**PROBLEM STATEMENT**
For the word "longrightarrow", report how many lines of the records below contain it, and nothing more.
*** EXERCISE DATA ***
(* Let $\mathcal M$ be a $\Sigma$-module over a field $\mathbb F$ and $(A,f)$ an object of $\Gamma(\mathcal M)_{mod}$. For all $n\ge0$, ${\underline r}\in\mathrm{Comp}_p(n)$ and $x\in\mathcal M(n)^{\Sigma_{\underline r}}$ define $\beta_{x,{\underline r}}:A^{\times p}\to A$ by $$\beta_{x,{\underline r}}(a_1,\dots,a_p)=f\Big(\sum_{\sigma\in\Sigma_n/\Sigma_{\underline r}}\sigma\cdot x\otimes\sigma\cdot\big(a_1^{\otimes r_1}\otimes\dots\otimes a_p^{\otimes r_p}\big)\Big).$$ Then $(A,\beta)$ is an object of $\beta(\mathcal M)$ (i.e. the operations satisfy relations ($\beta$1)–($\beta$6)), and $(A,f)\mapsto(A,\beta)$, identity on morphisms, extends to a functor $F_{\mathcal M}:\Gamma(\mathcal M)_{mod}\to\beta(\mathcal M)$.
   Context: $[n]=\{1,\dots,n\}$. A $\Sigma$-module $\mathcal M$: representations $\mathcal M(n)$ of $\Sigma_n$. $\Gamma(\mathcal M,V)=\bigoplus_{n\ge0}(\mathcal M(n)\otimes V^{\otimes n})^{\Sigma_n}$ (diagonal action, permutation of factors on $V^{\otimes n}$). $\Gamma(\mathcal M)_{mod}$: objects $(A,f)$ with $f:\Gamma(\mathcal M,A)\to A$ linear; morphisms linear $g$ with $f'\circ\Gamma(\mathcal M,g)=g\circ f$. Compositions ${\underline r}\in\mathrm{Comp}_p(n)$: nonnegative $p$-tuples with sum $n$, identified with partitions of $[n]$ into consecutive intervals ${\underline r}_i$ of lengths $r_i$; $\Sigma_{\underline r}\subseteq\Sigma_n$ preserves each ${\underline r}_i$. Sums over $G/H$ run over left coset representatives. For $\rho\in\Sigma_p$: ${\underline r}^\rho=(r_{\rho^{-1}(1)},\dots,r_{\rho^{-1}(p)})$ and $\rho^*\in\Sigma_n$ the associated block permutation with blocks of sizes $r_i$. For ${\underline q}\in\mathrm{Comp}_s(p)$: ${\underline q}\rhd{\underline r}=(\sum_{i\in{\underline q}_j}r_i)_{j\in[s]}$. ${\underline r}\circ_1(l,m)=(l,m,r_2,\dots,r_p)$. $\beta(\mathcal M)$: objects $(A,\beta)$ with $\beta_{x,{\underline r}}:A^{\times p}\to A$ for ${\underline r}\in\mathrm{Comp}_p(n)$, $x\in\mathcal M(n)^{\Sigma_{\underline r}}$ satisfying ($\beta$1) $\beta_{x,{\underline r}}(a_1,\dots,a_p)=\beta_{\rho^*\cdot x,{\underline r}^\rho}(a_{\rho^{-1}(1)},\dots,a_{\rho^{-1}(p)})$ for $\rho\in\Sigma_p$; ($\beta$2) $\beta_{x,(0,r_1,\dots,r_p)}(a_0,\dots,a_p)=\beta_{x,(r_1,\dots,r_p)}(a_1,\dots,a_p)$; ($\beta$3) $\beta_{x,{\underline r}}(\lambda a_1,a_2,\dots)=\lambda^{r_1}\beta_{x,{\underline r}}(a_1,a_2,\dots)$; ($\beta$4) for ${\underline q}\in\mathrm{Comp}_s(p)$, $\beta_{x,{\underline r}}$ at ($a_1$ repeated $q_1$ times, …, $a_s$ repeated $q_s$ times) equals $\beta_{\sum_{\sigma\in\Sigma_{{\underline q}\rhd{\underline r}}/\Sigma_{\underline r}}\sigma\cdot x,{\underline q}\rhd{\underline r}}(a_1,\dots,a_s)$; ($\beta$5) $\beta_{x,{\underline r}}(a_0+a_1,a_2,\dots,a_p)=\sum_{l+m=r_1}\beta_{x,{\underline r}\circ_1(l,m)}(a_0,a_1,\dots,a_p)$; ($\beta$6) $\beta_{\lambda x+y,{\underline r}}=\lambda\beta_{x,{\underline r}}+\beta_{y,{\underline r}}$. Morphisms: linear maps commuting with all operations. *)

theory Defs
  imports Complex_Main "HOL-Library.Function_Algebras" "HOL-Combinatorics.Permutations"
begin

(* Conventions: [n] is rendered as {0..<n} (0-based); permutations are *)
(* functions nat => nat with  sigma permutes {0..<n}.  Tuples/compositions *)
(* are lists; (a_1,...,a_p) is a list of length p.                      *)

text \<open>A Sigma-module over the field 'k: the representations M(n) are subspaces
  M n of an ambient 'k-vector space 'm; act n sigma is the action of Sigma_n on M(n).\<close>
definition sigma_module ::
  "('k::field \<Rightarrow> 'm::ab_group_add \<Rightarrow> 'm) \<Rightarrow> (nat \<Rightarrow> 'm set) \<Rightarrow> (nat \<Rightarrow> (nat \<Rightarrow> nat) \<Rightarrow> 'm \<Rightarrow> 'm) \<Rightarrow> bool"
  where "sigma_module sM M act \<longleftrightarrow>
    vector_space sM \<and>
    (\<forall>n. module.subspace sM (M n)) \<and>
    (\<forall>n \<sigma>. \<sigma> permutes {0..<n} \<longrightarrow>
        (\<forall>x\<in>M n. act n \<sigma> x \<in> M n) \<and>
        (\<forall>x\<in>M n. \<forall>y\<in>M n. act n \<sigma> (x + y) = act n \<sigma> x + act n \<sigma> y) \<and>
        (\<forall>x\<in>M n. \<forall>c. act n \<sigma> (sM c x) = sM c (act n \<sigma> x))) \<and>
    (\<forall>n. \<forall>x\<in>M n. act n id x = x) \<and>
    (\<forall>n \<sigma> \<tau>. \<sigma> permutes {0..<n} \<longrightarrow> \<tau> permutes {0..<n} \<longrightarrow>
        (\<forall>x\<in>M n. act n (\<sigma> \<circ> \<tau>) x = act n \<sigma> (act n \<tau> x)))"

definition Comp :: "nat \<Rightarrow> nat \<Rightarrow> nat list set"
  where "Comp p n = {r. length r = p \<and> sum_list r = n}"

definition blk :: "nat list \<Rightarrow> nat \<Rightarrow> nat set"
  where "blk r i = {sum_list (take i r) ..< sum_list (take (Suc i) r)}"

definition Sym :: "nat \<Rightarrow> (nat \<Rightarrow> nat) set"
  where "Sym n = {\<sigma>. \<sigma> permutes {0..<n}}"

definition Young :: "nat list \<Rightarrow> (nat \<Rightarrow> nat) set"
  where "Young r = {\<sigma>. \<sigma> permutes {0..<sum_list r} \<and> (\<forall>i<length r. \<sigma> ` blk r i = blk r i)}"

definition Minv :: "(nat \<Rightarrow> 'm set) \<Rightarrow> (nat \<Rightarrow> (nat \<Rightarrow> nat) \<Rightarrow> 'm \<Rightarrow> 'm) \<Rightarrow> nat list \<Rightarrow> 'm set"
  where "Minv M act r = {x \<in> M (sum_list r). \<forall>\<tau>\<in>Young r. act (sum_list r) \<tau> x = x}"

definition coset_sum :: "(nat \<Rightarrow> nat) set \<Rightarrow> (nat \<Rightarrow> nat) set \<Rightarrow> ((nat \<Rightarrow> nat) \<Rightarrow> 'b::comm_monoid_add) \<Rightarrow> 'b"
  where "coset_sum G H f = (\<Sum>C\<in>{(\<lambda>\<tau>. \<sigma> \<circ> \<tau>) ` H | \<sigma>. \<sigma> \<in> G}. f (SOME \<sigma>. \<sigma> \<in> C))"

definition comp_perm :: "(nat \<Rightarrow> nat) \<Rightarrow> 'a list \<Rightarrow> 'a list"
  where "comp_perm \<rho> r = permute_list (inv \<rho>) r"

text \<open>rho^*: the block permutation of [n] sending the i-th interval of r (order
  preservingly) onto the rho(i)-th interval of r^rho.\<close>
definition block_perm :: "nat list \<Rightarrow> (nat \<Rightarrow> nat) \<Rightarrow> nat \<Rightarrow> nat"
  where "block_perm r \<rho> j =
    (if j < sum_list r then
       (let i = (THE i. i < length r \<and> j \<in> blk r i)
        in sum_list (take (\<rho> i) (comp_perm \<rho> r)) + (j - sum_list (take i r)))
     else j)"

definition comp_merge :: "nat list \<Rightarrow> nat list \<Rightarrow> nat list"
  where "comp_merge q r = map (\<lambda>j. \<Sum>i\<in>blk q j. r ! i) [0..<length q]"

definition rep_word :: "nat list \<Rightarrow> 'a list \<Rightarrow> 'a list"
  where "rep_word r as = concat (map (\<lambda>i. replicate (r ! i) (as ! i)) [0..<length r])"

text \<open>Free 'k-vector space on the generators (x, [a_1,...,a_n]) with x in M(n),
  standing for x (x) a_1 (x) ... (x) a_n; elements are finitely supported functions.\<close>
definition free_gen :: "'g \<Rightarrow> 'g \<Rightarrow> 'k::field"
  where "free_gen g = (\<lambda>h. if h = g then 1 else 0)"

definition fscale :: "'k::field \<Rightarrow> ('g \<Rightarrow> 'k) \<Rightarrow> ('g \<Rightarrow> 'k)"
  where "fscale c v = (\<lambda>g. c * v g)"

definition Free :: "(nat \<Rightarrow> 'm set) \<Rightarrow> ('m \<times> 'a list \<Rightarrow> 'k::field) set"
  where "Free M = {v. finite {g. v g \<noteq> 0} \<and> (\<forall>g. v g \<noteq> 0 \<longrightarrow> fst g \<in> M (length (snd g)))}"

definition push :: "('g \<Rightarrow> 'h) \<Rightarrow> ('g \<Rightarrow> 'k::field) \<Rightarrow> ('h \<Rightarrow> 'k)"
  where "push \<phi> v = (\<lambda>h. \<Sum>g\<in>{g. v g \<noteq> 0 \<and> \<phi> g = h}. v g)"

text \<open>Multilinearity relations; the tensor product (+)_n M(n) (x) A^{(x)n} is Free M / Rel.\<close>
definition Rel_gens ::
  "('k::field \<Rightarrow> 'm::ab_group_add \<Rightarrow> 'm) \<Rightarrow> (nat \<Rightarrow> 'm set) \<Rightarrow> ('k \<Rightarrow> 'a::ab_group_add \<Rightarrow> 'a) \<Rightarrow> ('m \<times> 'a list \<Rightarrow> 'k) set"
  where "Rel_gens sM M sA =
    {free_gen (x + y, as) - free_gen (x, as) - free_gen (y, as) | x y as.
        x \<in> M (length as) \<and> y \<in> M (length as)} \<union>
    {free_gen (sM c x, as) - fscale c (free_gen (x, as)) | c x as. x \<in> M (length as)} \<union>
    {free_gen (x, as[i := a + b]) - free_gen (x, as[i := a]) - free_gen (x, as[i := b]) | x as i a b.
        x \<in> M (length as) \<and> i < length as} \<union>
    {free_gen (x, as[i := sA c (as ! i)]) - fscale c (free_gen (x, as)) | x as i c.
        x \<in> M (length as) \<and> i < length as}"

definition Rel ::
  "('k::field \<Rightarrow> 'm::ab_group_add \<Rightarrow> 'm) \<Rightarrow> (nat \<Rightarrow> 'm set) \<Rightarrow> ('k \<Rightarrow> 'a::ab_group_add \<Rightarrow> 'a) \<Rightarrow> ('m \<times> 'a list \<Rightarrow> 'k) set"
  where "Rel sM M sA = module.span fscale (Rel_gens sM M sA)"

definition gen_act :: "(nat \<Rightarrow> (nat \<Rightarrow> nat) \<Rightarrow> 'm \<Rightarrow> 'm) \<Rightarrow> nat \<Rightarrow> (nat \<Rightarrow> nat) \<Rightarrow> 'm \<times> 'a list \<Rightarrow> 'm \<times> 'a list"
  where "gen_act act n \<sigma> g =
    (if length (snd g) = n then (act n \<sigma> (fst g), permute_list (inv \<sigma>) (snd g)) else g)"

text \<open>Representatives of the Sigma_n-invariant classes (degreewise); Gamma(M,A) = Inv / Rel.\<close>
definition Inv ::
  "('k::field \<Rightarrow> 'm::ab_group_add \<Rightarrow> 'm) \<Rightarrow> (nat \<Rightarrow> 'm set) \<Rightarrow> (nat \<Rightarrow> (nat \<Rightarrow> nat) \<Rightarrow> 'm \<Rightarrow> 'm) \<Rightarrow>
   ('k \<Rightarrow> 'a::ab_group_add \<Rightarrow> 'a) \<Rightarrow> ('m \<times> 'a list \<Rightarrow> 'k) set"
  where "Inv sM M act sA = {v \<in> Free M. \<forall>n \<sigma>. \<sigma> permutes {0..<n} \<longrightarrow>
                                push (gen_act act n \<sigma>) v - v \<in> Rel sM M sA}"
*** End of EXERCISE DATA ***
**ANSWER TO THE PROBLEM**
4